I read in very small but insistent print on the bottle in the bag, that under no circumstances should I apply this product to a drain which had ever, in the last century, had other chemicals applied to it. I had applied Liquid Plumber (if it can be called a "chemical" by other than women and the French) in the last few hours. Safety first. I put the "Mule Kick" on the shelf.
I called the sewer guys at Express Drain Openers and felt better.
Amazing does a load of laundry and reports that things seemed better.
Friday morning dawns. I lay there knowing but few things for my day. I must tag the garbage and I must remove the recycling (corrugated cardboard) from the basement to the street. It has become nicely and fragrantly damp from the ablutions of the last two days. Amazing addresses me from the bedroom door as I look at her sideways. "Would you start a fire."
"Certainly, my sweet."
"And would you vacuum up the water in the basement". Things had not gotten better.
Mr. Express shows up at 9 a.m.
He has got a bigger, motorized snake with a sludge and root choppy thingy at the business end.
We ran that snake out past Portland. It comes back bearing gifts whose presence could be ascertained by every sense man possesses but failed to create the free flow of water desired in all drains everywhere. Mr. Express fetches his sewer camera which is too cool. We get to see what has established residency in the Big Haus main drain, my link to civilization.
Oh My Heavens and all the Saints (including the lesser known)!
I can't look away. Fifteen feet of moving but immobile white has grabbed my attention. It is unresponsive to the snake, the camera (imagine the sight of pushing past decades of offal with the lens of a color video camera only to have it, as you watch closely, close back around the lens pulling back), and finally unresponsive to the application of a pulsing, water squirting, pipe sealing ball on the end of a water hose. This last has to be applied down another (unopened since the 1920's) drain cap.
It is Friday 3 p.m..
Mr. Express has to go on another call.
He will leave all his stuff stuck in my drains for me to fiddle with (ineffectively I discover) over the next hour. My feet hurt.
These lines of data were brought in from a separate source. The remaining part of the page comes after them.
lemma aubry_diagonal_eq_hstar:
  fixes h :: "real \<Rightarrow> real \<Rightarrow> real"
  assumes monge: "monge_on {0..1} h" and lip: "C-lipschitz_on ({0..1} \<times> {0..1}) (\<lambda>(a, b). h a b)"
    and x: "x \<in> aubry (\<lambda>z. h (z 0) (z 1))"
  shows "h (x 0) (x 0) = hstar h"
proof (rule antisym)
  have cont: "continuous_on ({0..1} \<times> {0..1}) (\<lambda>(a, b). h a b)"
    using lip by (rule lipschitz_on_continuous_on)
  have x0: "x 0 \<in> {0..1}" using x by (simp add: aubry_def Xsp_def)
  then show "hstar h \<le> h (x 0) (x 0)" by (rule hstar_le[OF cont])
  have C: "0 \<le> C" using lipschitz_on_nonneg[OF lip] .
  show "h (x 0) (x 0) \<le> hstar h"
  proof (rule field_le_epsilon)
    fix e :: real assume e: "0 < e"
    define \<epsilon> where "\<epsilon> = e / (8 * (C + 1))"
    have "0 < \<epsilon>" "0 < e / 2" using e C by (simp_all add: \<epsilon>_def)
    with aubry_shadowed_by_cycles[OF lip x] obtain n z where n: "0 < n" and z01: "\<And>i. z i \<in> {0..1}"
      and close: "\<And>k. \<bar>z k - x k\<bar> \<le> 2 ^ (k + 1) * \<epsilon>"
      and "\<And>k. \<bar>z (k + n) - x k\<bar> \<le> 2 ^ (k + 1) * \<epsilon>"
      and cycle: "cycle_cost h (map z [0..<n]) < n * hstar h + e / 2"
      by blast
    obtain m where m: "n = Suc m" using n gr0_conv_Suc by blast
    have "h (z 0) (z 0) + m * hstar h \<le> cycle_cost h (map z [0..<n])"
      using hd_diagonal_add_hstar_le_cycle_cost[OF monge cont, of "z 0" "map z [1..<n]"] z01
      by (force simp: m upt_conv_Cons simp del: upt_Suc)
    then have "h (z 0) (z 0) < hstar h + e / 2"
      using cycle by (simp add: m algebra_simps)
    moreover have "\<bar>h (x 0) (x 0) - h (z 0) (z 0)\<bar> \<le> C * (\<bar>x 0 - z 0\<bar> + \<bar>x 0 - z 0\<bar>)"
      by (rule lipschitz_on_Times_abs_diff[OF lip]) (use x0 z01 in auto)
    moreover have "\<dots> \<le> C * (4 * \<epsilon>)"
      using close[of 0] C by (intro mult_left_mono) (auto simp: abs_minus_commute)
    moreover have "C * (4 * \<epsilon>) \<le> e / 2"
      using C e by (simp add: \<epsilon>_def field_simps)
    ultimately show "h (x 0) (x 0) \<le> hstar h + e" by linarith
  qed
qed

lemma aubry_periodic_shadowing_step:
  fixes h :: "real \<Rightarrow> real \<Rightarrow> real"
  assumes lip: "C-lipschitz_on ({0..1} \<times> {0..1}) (\<lambda>(a, b). h a b)"
    and x: "x \<in> aubry (\<lambda>z. h (z 0) (z 1))" and per: "\<And>i. x (i + p) = x i" and "j < p"
    and sep: "\<And>u v. x u \<noteq> x v \<Longrightarrow> 2 * e < \<bar>x u - x v\<bar>" and "0 < e" "0 < \<delta>"
  obtains n z i where "0 < n" "\<And>k. z k \<in> {0..1}" "i < n"
    "\<bar>z i - x j\<bar> \<le> e" "\<bar>z (Suc i mod n) - x (Suc j)\<bar> \<le> e"
    "cycle_cost h (map z [0..<n]) < n * hstar h + \<delta>"
proof -
  have "0 < e / 2 ^ (2 * p + 1)" using \<open>0 < e\<close> by simp
  with aubry_shadowed_by_cycles[OF lip x _ \<open>0 < \<delta>\<close>] obtain n z where n: "0 < n"
    and z01: "\<And>k. z k \<in> {0..1}"
    and close: "\<And>k. \<bar>z k - x k\<bar> \<le> 2 ^ (k + 1) * (e / 2 ^ (2 * p + 1))"
      "\<And>k. \<bar>z (k + n) - x k\<bar> \<le> 2 ^ (k + 1) * (e / 2 ^ (2 * p + 1))"
    and cycle: "cycle_cost h (map z [0..<n]) < n * hstar h + \<delta>"
    by blast
  have scale: "2 ^ (k + 1) * (e / 2 ^ (2 * p + 1)) \<le> e" if "k \<le> 2 * p" for k
  proof -
    have "(2::real) ^ (k + 1) \<le> 2 ^ (2 * p + 1)" using that by (intro power_increasing) auto
    then show ?thesis using \<open>0 < e\<close> by (simp add: field_simps)
  qed
  have "\<bar>z k - x k\<bar> \<le> e" "\<bar>z (k + n) - x k\<bar> \<le> e" if "k \<le> 2 * p" for k
    using order_trans[OF close(1) scale[OF that]] order_trans[OF close(2) scale[OF that]] by simp_all
  then obtain i where "i < n" "\<bar>z i - x j\<bar> \<le> e" "\<bar>z (Suc i mod n) - x (Suc j)\<bar> \<le> e"
    using shadowing_cyclic_step[of x p j n z e, OF per \<open>j < p\<close> n _ _ sep] by blast
  then show thesis using that n z01 cycle by blast
qed

lemma aubry_periodic_constant:
  fixes h :: "real \<Rightarrow> real \<Rightarrow> real"
  assumes monge: "strictly_monge_on {0..1} h" and lip: "C-lipschitz_on ({0..1} \<times> {0..1}) (\<lambda>(a, b). h a b)"
    and x: "x \<in> aubry (\<lambda>z. h (z 0) (z 1))" and "0 < p" and fixed: "(shift ^^ p) x = x"
  shows "x = (\<lambda>_. x 0)"
proof (rule ccontr)
  assume nonconst: "x \<noteq> (\<lambda>_. x 0)"
  have per: "x (i + p) = x i" for i using fun_cong[OF fixed, of i] by (simp add: shift_funpow)
  have x01: "x i \<in> {0..1}" for i using x by (simp add: aubry_def Xsp_def)
  obtain j where j: "j < p" "x j < x (Suc j)"
    using periodic_nonconstant_ascent[of x p, OF per \<open>0 < p\<close> nonconst] by blast
  obtain g where g: "0 < g" "\<And>u v. x u \<noteq> x v \<Longrightarrow> g \<le> \<bar>x u - x v\<bar>"
    using finite_range_separated[OF periodic_finite_range[of x p, OF per \<open>0 < p\<close>]] by blast
  define a where "a = (3 * x j + x (Suc j)) / 4"
  define t where "t = (x j + x (Suc j)) / 2"
  define b where "b = (x j + 3 * x (Suc j)) / 4"
  \<comment> \<open>small enough that the shadowed step still goes from below \<open>a\<close> to above \<open>b\<close>,
    and that \<open>2 e\<close> stays below the gap between distinct values of \<open>x\<close>\<close>
  define e where "e = min (g / 3) ((x (Suc j) - x j) / 4)"
  have abt: "a < t" "t < b" "a \<in> {0..1}" "t \<in> {0..1}" "b \<in> {0..1}"
    using j x01[of j] x01[of "Suc j"] by (auto simp: a_def t_def b_def)
  have e: "0 < e" "e \<le> (x (Suc j) - x j) / 4"
    using j g unfolding e_def by (simp_all only: min_less_iff_conj min.cobounded2) simp
  have sep: "2 * e < \<bar>x u - x v\<bar>" if "x u \<noteq> x v" for u v
    using g(1) g(2)[OF that] min.cobounded1[of "g / 3" "(x (Suc j) - x j) / 4"] by (simp add: e_def)
  have "0 < twist h a t t b"
    using strictly_monge_onD[OF monge] abt by blast
  with aubry_periodic_shadowing_step[of C h x p j e, OF lip x per j(1) sep e(1)]
  obtain n z i where "0 < n" "\<And>k. z k \<in> {0..1}" "i < n"
    "\<bar>z i - x j\<bar> \<le> e" "\<bar>z (Suc i mod n) - x (Suc j)\<bar> \<le> e"
    and cycle: "cycle_cost h (map z [0..<n]) < n * hstar h + twist h a t t b"
    by blast
  then have "length (map z [0..<n]) * hstar h + twist h a t t b \<le> cycle_cost h (map z [0..<n])"
    using e(2) abt
    by (intro hstar_add_twist_le_cycle_cost[OF strictly_monge_imp_monge[OF monge]
        lipschitz_on_continuous_on[OF lip]]) (auto simp: a_def b_def)
  with cycle show False by simp
qed

lemma classH_strictly_monge:
  assumes "classH h"
  shows "strictly_monge_on {0..1} h"
  unfolding strictly_monge_on_def twist_def
proof (intro ballI impI)
  fix p q r s :: real
  assume "p \<in> {0..1}" "q \<in> {0..1}" "r \<in> {0..1}" "s \<in> {0..1}" "p < q" "r < s"
  then have "h p r + h q s < h p s + h q r" using assms unfolding classH_def by blast
  then show "0 < h p s + h q r - h p r - h q s" by simp
qed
Mr. Express returns. He has news. He is having a high pressure water jet brought up from Lewiston and will bring this drain under submission.
It arrives.
It is inserted. They put on goggles which impresses this homeowner.
It has an gas motor. It has what they call p.s.i. and lots of it.
Fifteen minutes later, down goes the camera again. That pipe has confessed its many sins. That pipe is clean as far as the eye can see. That p.s.i. had introduced itself to the fifteen feet of "white". Words were exchanged, became heated, and the fifteen feet of "white" woke up floating down the Ganges wondering how it got there.
Mr. Express commented on how it was the worst drain he had seen in his born days. This may have been a "let-me-prepare-you" buffer for he said it as he handed me the bill.
$573.00 for the privilege of standing on concrete all day, inhaling the ripeness of the American sewer, and gaining only what I blissfully and ignorantly enjoyed three days earlier.

This morning Joe Mickler calls me.
He has dreamed of my drains.
"You had to pay a high futility bill this month," he says.